AN investigation into an alleged NSW Government leak of a mining company’s confidential exploration licence information to a rival company in 2017 could not make a finding on possible corruption because of inadequacies in the state’s mining titles database.
A Department of Planning internal investigation identified “potential corruption risks which cannot be ignored” after it could not definitively determine if a leak had occurred because the department’s mining titles database had no auditing capability.
But the director of professional standards who filed the report on December 22, 2017 recommending action “to take place without delay” because of potential corruption risks was sacked five months later when her position was abolished.
The Department of Planning confirmed on Friday it no longer has “specific investigators” within the department “as we outsource these activities to independent external investigators”.
The investigation into the alleged leak was launched after a mining company’s application for special leave to renew a 1993 exploration licence over 10 lots in February, 2017 was rejected, and it was directed to relinquish five of the lots as required under the Mining Act.
The mining company contacted the department after a rival company applied for an exploration licence over the five lots before the information was made public, and after lengthy communications with the department.
“I can confirm that the information ‘leaked’ for the exploration licence applications could have only come from the documentation provided as part of the renewal application, which we understood to be confidential,” the mining company wrote in an email to two department staff.
I can confirm that the information ‘leaked’ for the exploration licence applications could have only come from the documentation provided as part of the renewal application, which we understood to be confidential.- Mining company to Department of Planning in 2017.
The complaint was raised with the professional standards director by the then titles operations manager Rebecca Connor, who was sacked in May within days of the sacking of the professional standards director.
A subsequent investigation included a statement from a mining industry representative for the rival company, who alleged the application for the exact lots after more than two decades with its rival, and during a period when it was negotiating with the department to relinquish them, occurred because the information appeared on the department’s public portal on February 14, 2017.
A department Titles Administration System (TAS) administrator told investigators there had been an “incorrect data entry”, but the system did not hold information about the relinquished mining lots until late May.
“Any potential ‘leaking’ of the dropped lots could not be from people accessing information from TAS,” the administrator said.
A department investigation report found there were “no reasonable grounds to suggest or identify that corrupt or unethical conduct by any person” had taken place, after an investigator was unable to confirm what material was on the titles public portal on February 14, 2017 because of inadequate database audit capabilities.
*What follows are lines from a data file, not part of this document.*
(* Let $X$ be a non-empty set, $\sigma : X \to X$ a bijection, and $A \subseteq \mathbb{C}^X$ a subalgebra (under pointwise operations) such that $h\circ\sigma \in A$ and $h \circ \sigma^{-1} \in A$ for all $h \in A$. Let $\widetilde{\sigma} : A \to A$ be the automorphism $\widetilde{\sigma}(f) = f\circ \sigma^{-1}$. Then the unique maximal abelian subalgebra of $A \rtimes_{\widetilde{\sigma}} \mathbb{Z}$ containing $A$ (namely the commutant $A'$ of $A$) is precisely \[ A' = \Big\{ \sum_{n\in\mathbb{Z}} f_n\delta^n \in A \rtimes_{\widetilde{\sigma}}\mathbb{Z} \;:\; \text{for all } n \in \mathbb{Z},\ f_n \text{ vanishes identically on } \mathrm{Sep}_A^n(X)\Big\}. \]
   Context: For $n \in \mathbb{Z}$, $\mathrm{Sep}_A^n(X) = \{x \in X : \exists h \in A \text{ with } h(x) \neq \widetilde{\sigma}^n(h)(x)\}$ (for $n=0$ this set is empty). The crossed product $A \rtimes_{\widetilde{\sigma}} \mathbb{Z}$ is the set of finitely supported functions $f:\mathbb{Z}\to A$, written $f=\sum_n f_n\delta^n$, with pointwise addition and scalar multiplication and multiplication $(f*g)(n)=\sum_{k} f(k)\cdot\widetilde{\sigma}^k(g(n-k))$, i.e. $(f_n\delta^n)*(g_m\delta^m)=f_n\,\widetilde{\sigma}^n(g_m)\,\delta^{n+m}$. $A$ is regarded as the subalgebra $\{f_0\delta^0 : f_0 \in A\}$. *)

theory Defs
  imports Complex_Main
begin

definition zpow :: "('x \<Rightarrow> 'x) \<Rightarrow> int \<Rightarrow> 'x \<Rightarrow> 'x" where
  "zpow \<sigma> n = (if 0 \<le> n then \<sigma> ^^ nat n else inv \<sigma> ^^ nat (- n))"

definition sigt :: "('x \<Rightarrow> 'x) \<Rightarrow> int \<Rightarrow> ('x \<Rightarrow> complex) \<Rightarrow> ('x \<Rightarrow> complex)" where
  "sigt \<sigma> n h = h \<circ> zpow \<sigma> (- n)"

definition fun_subalgebra :: "('x \<Rightarrow> complex) set \<Rightarrow> bool" where
  "fun_subalgebra A \<longleftrightarrow> (\<lambda>_. 0) \<in> A \<and>
     (\<forall>f\<in>A. \<forall>g\<in>A. (\<lambda>x. f x + g x) \<in> A) \<and>
     (\<forall>c. \<forall>f\<in>A. (\<lambda>x. c * f x) \<in> A) \<and>
     (\<forall>f\<in>A. \<forall>g\<in>A. (\<lambda>x. f x * g x) \<in> A)"

definition Sep :: "('x \<Rightarrow> complex) set \<Rightarrow> ('x \<Rightarrow> 'x) \<Rightarrow> int \<Rightarrow> 'x set" where
  "Sep A \<sigma> n = {x. \<exists>h\<in>A. h x \<noteq> sigt \<sigma> n h x}"

text \<open>Crossed product A x_sigma-tilde Z: finitely supported functions Z -> A.\<close>
definition crossed :: "('x \<Rightarrow> complex) set \<Rightarrow> (int \<Rightarrow> 'x \<Rightarrow> complex) set" where
  "crossed A = {f. finite {n. f n \<noteq> (\<lambda>_. 0)} \<and> (\<forall>n. f n \<in> A)}"

definition cp_mult :: "('x \<Rightarrow> 'x) \<Rightarrow> (int \<Rightarrow> 'x \<Rightarrow> complex) \<Rightarrow> (int \<Rightarrow> 'x \<Rightarrow> complex)
    \<Rightarrow> (int \<Rightarrow> 'x \<Rightarrow> complex)" where
  "cp_mult \<sigma> f g = (\<lambda>n x. \<Sum>k\<in>{k. f k \<noteq> (\<lambda>_. 0)}. f k x * sigt \<sigma> k (g (n - k)) x)"

definition embed :: "('x \<Rightarrow> complex) \<Rightarrow> (int \<Rightarrow> 'x \<Rightarrow> complex)" where
  "embed a = (\<lambda>n. if n = 0 then a else (\<lambda>_. 0))"

definition commutant :: "('x \<Rightarrow> complex) set \<Rightarrow> ('x \<Rightarrow> 'x) \<Rightarrow> (int \<Rightarrow> 'x \<Rightarrow> complex) set" where
  "commutant A \<sigma> = {f \<in> crossed A. \<forall>a\<in>A. cp_mult \<sigma> f (embed a) = cp_mult \<sigma> (embed a) f}"

definition cp_subalgebra :: "('x \<Rightarrow> complex) set \<Rightarrow> ('x \<Rightarrow> 'x) \<Rightarrow> (int \<Rightarrow> 'x \<Rightarrow> complex) set \<Rightarrow> bool" where
  "cp_subalgebra A \<sigma> B \<longleftrightarrow> B \<subseteq> crossed A \<and> (\<lambda>_ _. 0) \<in> B \<and>
     (\<forall>f\<in>B. \<forall>g\<in>B. (\<lambda>n x. f n x + g n x) \<in> B) \<and>
     (\<forall>c. \<forall>f\<in>B. (\<lambda>n x. c * f n x) \<in> B) \<and>
     (\<forall>f\<in>B. \<forall>g\<in>B. cp_mult \<sigma> f g \<in> B)"

definition cp_commutative :: "('x \<Rightarrow> 'x) \<Rightarrow> (int \<Rightarrow> 'x \<Rightarrow> complex) set \<Rightarrow> bool" where
  "cp_commutative \<sigma> B \<longleftrightarrow> (\<forall>f\<in>B. \<forall>g\<in>B. cp_mult \<sigma> f g = cp_mult \<sigma> g f)"

end

theory Submission
  imports Defs
begin

text \<open>For \<open>a \<in> A\<close> the coefficients of the two products are \<open>(f a)\<^sub>n(x) = f\<^sub>n(x) a(\<sigma>^-n x)\<close> and
  \<open>(a f)\<^sub>n(x) = a(x) f\<^sub>n(x)\<close>, so \<open>f\<close> commutes with \<open>A\<close> exactly when every \<open>f\<^sub>n\<close> vanishes on
  \<open>Sep\<^sup>n\<close>: the commutant is \<open>S\<close>. On \<open>S\<close> the twist is invisible: where \<open>f\<^sub>k(x) \<noteq> 0\<close>, no
  function of \<open>A\<close> separates \<open>x\<close> from \<open>\<sigma>^-k x\<close>, so the product of two elements of \<open>S\<close> is the
  ordinary convolution of their coefficient sequences and \<open>S\<close> is commutative. \<open>S\<close> is closed
  under products because non-separation is transitive along \<open>x\<close>, \<open>\<sigma>^-k x\<close>, \<open>\<sigma>^-(k+m) x\<close>.
  Every commutative subalgebra containing \<open>A\<close> lies in the commutant, hence in \<open>S\<close>.\<close>

lemma zpow_0 [simp]: "zpow \<sigma> 0 = id"
  by (simp add: zpow_def)

lemma zpow_add1:
  assumes "bij \<sigma>"
  shows "zpow \<sigma> (n + 1) = \<sigma> \<circ> zpow \<sigma> n"
proof (cases "0 \<le> n")
  case True
  then have "nat (n + 1) = Suc (nat n)" by simp
  with True show ?thesis by (simp add: zpow_def)
next
  case False
  then obtain m where m: "nat (- n) = Suc m" "nat (- (n + 1)) = m" "0 \<le> n + 1 \<longleftrightarrow> m = 0"
    by (intro that[of "nat (- n - 1)"]) auto
  have "\<sigma> \<circ> inv \<sigma> = id"
    using assms bij_is_surj surj_iff by blast
  then have "\<sigma> \<circ> (inv \<sigma> \<circ> inv \<sigma> ^^ m) = inv \<sigma> ^^ m"
    by (simp flip: comp_assoc)
  with False m show ?thesis
    by (auto simp: zpow_def)
qed

lemma zpow_diff1:
  assumes "bij \<sigma>"
  shows "zpow \<sigma> (n - 1) = inv \<sigma> \<circ> zpow \<sigma> n"
proof -
  have "inv \<sigma> \<circ> \<sigma> = id"
    using assms by (simp add: bij_is_inj)
  then show ?thesis
    using zpow_add1[OF assms, of "n - 1"] by (simp flip: comp_assoc)
qed

lemma zpow_add:
  assumes "bij \<sigma>"
  shows "zpow \<sigma> (m + n) = zpow \<sigma> m \<circ> zpow \<sigma> n"
proof (induction m rule: int_induct[where k = 0])
  case (step1 i)
  have "zpow \<sigma> (i + 1 + n) = \<sigma> \<circ> zpow \<sigma> (i + n)"
    using zpow_add1[OF assms, of "i + n"] by (simp add: ac_simps)
  with step1 show ?case
    by (simp add: zpow_add1[OF assms] comp_assoc)
next
  case (step2 i)
  have "zpow \<sigma> (i - 1 + n) = inv \<sigma> \<circ> zpow \<sigma> (i + n)"
    using zpow_diff1[OF assms, of "i + n"] by (simp add: algebra_simps)
  with step2 show ?case
    by (simp add: zpow_diff1[OF assms] comp_assoc)
qed simp

lemma comp_funpow_closed:
  assumes "\<forall>h\<in>A. h \<circ> \<tau> \<in> A" "h \<in> A"
  shows "h \<circ> \<tau> ^^ n \<in> A"
proof (induction n)
  case (Suc n)
  then have "(h \<circ> \<tau> ^^ n) \<circ> \<tau> \<in> A"
    using assms(1) by blast
  then show ?case
    by (simp only: funpow_Suc_right comp_assoc)
qed (simp add: assms(2))

lemma comp_zpow_closed:
  assumes "\<forall>h\<in>A. h \<circ> \<sigma> \<in> A" "\<forall>h\<in>A. h \<circ> inv \<sigma> \<in> A" "h \<in> A"
  shows "h \<circ> zpow \<sigma> n \<in> A"
  using comp_funpow_closed[OF assms(1,3)] comp_funpow_closed[OF assms(2,3)]
  by (simp add: zpow_def)

lemma fun_subalgebra_sum:
  assumes "fun_subalgebra A" "finite K" "\<And>k. k \<in> K \<Longrightarrow> F k \<in> A"
  shows "(\<lambda>x. \<Sum>k\<in>K. F k x) \<in> A"
  using assms(2,3)
  by (induction K rule: finite_induct) (use assms(1) in \<open>auto simp: fun_subalgebra_def\<close>)

lemma not_in_Sep_iff: "x \<notin> Sep A \<sigma> n \<longleftrightarrow> (\<forall>h\<in>A. h x = h (zpow \<sigma> (- n) x))"
  by (auto simp: Sep_def sigt_def)

lemma Sep_0 [simp]: "Sep A \<sigma> 0 = {}"
  by (simp add: Sep_def sigt_def)

lemma not_in_Sep_add:
  assumes "bij \<sigma>" "x \<notin> Sep A \<sigma> m" "zpow \<sigma> (- m) x \<notin> Sep A \<sigma> n"
  shows "x \<notin> Sep A \<sigma> (m + n)"
proof -
  have "zpow \<sigma> (- n) (zpow \<sigma> (- m) x) = zpow \<sigma> (- (m + n)) x"
    using zpow_add[OF assms(1), of "- n" "- m"] by (simp add: add.commute)
  with assms(2,3) show ?thesis
    by (auto simp: not_in_Sep_iff)
qed

definition vanishes_on_Sep :: "('x \<Rightarrow> complex) set \<Rightarrow> ('x \<Rightarrow> 'x) \<Rightarrow> (int \<Rightarrow> 'x \<Rightarrow> complex) \<Rightarrow> bool" where
  "vanishes_on_Sep A \<sigma> f \<longleftrightarrow> (\<forall>n. \<forall>x\<in>Sep A \<sigma> n. f n x = 0)"

lemma vanishes_on_Sep_mult_sigt:
  assumes "vanishes_on_Sep A \<sigma> f" "h \<in> A"
  shows "f k x * sigt \<sigma> k h x = f k x * h x"
  using assms by (cases "x \<in> Sep A \<sigma> k") (auto simp: vanishes_on_Sep_def Sep_def)

lemma cp_mult_eq_sum:
  assumes "finite T" "{k. f k \<noteq> (\<lambda>_. 0)} \<subseteq> T"
  shows "cp_mult \<sigma> f g n x = (\<Sum>k\<in>T. f k x * sigt \<sigma> k (g (n - k)) x)"
  unfolding cp_mult_def by (rule sum.mono_neutral_left) (use assms in auto)

lemma cp_mult_embed_left: "cp_mult \<sigma> (embed a) f n x = a x * f n x"
proof -
  have "cp_mult \<sigma> (embed a) f n x = (\<Sum>k\<in>{0}. embed a k x * sigt \<sigma> k (f (n - k)) x)"
    by (rule cp_mult_eq_sum) (auto simp: embed_def)
  then show ?thesis
    by (simp add: embed_def sigt_def)
qed

lemma cp_mult_embed_right:
  assumes "finite {k. f k \<noteq> (\<lambda>_. 0)}"
  shows "cp_mult \<sigma> f (embed a) n x = f n x * sigt \<sigma> n a x"
proof -
  have "cp_mult \<sigma> f (embed a) n x = (\<Sum>k\<in>{n} \<union> {k. f k \<noteq> (\<lambda>_. 0)}. f k x * sigt \<sigma> k (embed a (n - k)) x)"
    by (rule cp_mult_eq_sum) (use assms in auto)
  also have "\<dots> = (\<Sum>k\<in>{n} \<union> {k. f k \<noteq> (\<lambda>_. 0)}. if k = n then f n x * sigt \<sigma> n a x else 0)"
    by (rule sum.cong) (auto simp: embed_def sigt_def)
  also have "\<dots> = f n x * sigt \<sigma> n a x"
    using assms by simp
  finally show ?thesis .
qed

lemma commutes_with_embed_iff:
  assumes "finite {k. f k \<noteq> (\<lambda>_. 0)}"
  shows "(\<forall>a\<in>A. cp_mult \<sigma> f (embed a) = cp_mult \<sigma> (embed a) f) \<longleftrightarrow> vanishes_on_Sep A \<sigma> f"
proof -
  have "cp_mult \<sigma> f (embed a) = cp_mult \<sigma> (embed a) f \<longleftrightarrow> (\<forall>n x. f n x = 0 \<or> sigt \<sigma> n a x = a x)" for a
    by (simp add: fun_eq_iff cp_mult_embed_left cp_mult_embed_right[OF assms] mult.commute)
  then show ?thesis
    by (auto simp: vanishes_on_Sep_def Sep_def) metis+
qed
In a quality review of the investigation by two senior department executives, including the professional standards director, serious concerns were raised about potential corruption risks within the system.
The department’s division of resources and geoscience responsible for titles was “unable to confirm with sufficient weight what data was actually recorded and published on February 14, 2017”, the quality review found. The professional standards director said investigators were faced with two versions of the facts, and the rival company’s version could not be challenged because of the database issues.
“I note, however, that the investigation has identified potential corruption risks which cannot be ignored. An absence of sufficient audit capability within the systems which house titles information means confidential and highly commercially valuable information may be compromised,” the professional standards director found.
I note, however, that the investigation has identified potential corruption risks which cannot be ignored. An absence of sufficient audit capability within the systems which house titles information means confidential and highly commercially valuable information may be compromised.- Department of Planning professional standards director.
She recommended an urgent review and implementation of an “adequate audit trail” so that “changes to systems data are documented”.
In a 2016 document seen by the Newcastle Herald a department employee warned the newly-appointed titles operations manager Rebecca Connor about concerns relating to the database system, access to it, and mining industry representatives who were “knowledgeable and know our weak points”.
Ms Connor was sacked two years later after repeatedly raising corruption risks and allegations.
In a statement on Friday the department said the lack of audit trail in the MinView public portal was identified as a “primary risk”.
Problems with the database were being addressed by a “$10 million investment in the titles administration system that sees outdated systems upgraded with new database systems”, the department said.
“An audit trail is built into the workflow, every user will possess a unique verified log in and transactions will be time and date stamped with the nature of the action recorded and any access of records by any officer tracked.”
Lock the Gate, the NSW Opposition and others have called for a judicial inquiry into the department’s mining administration.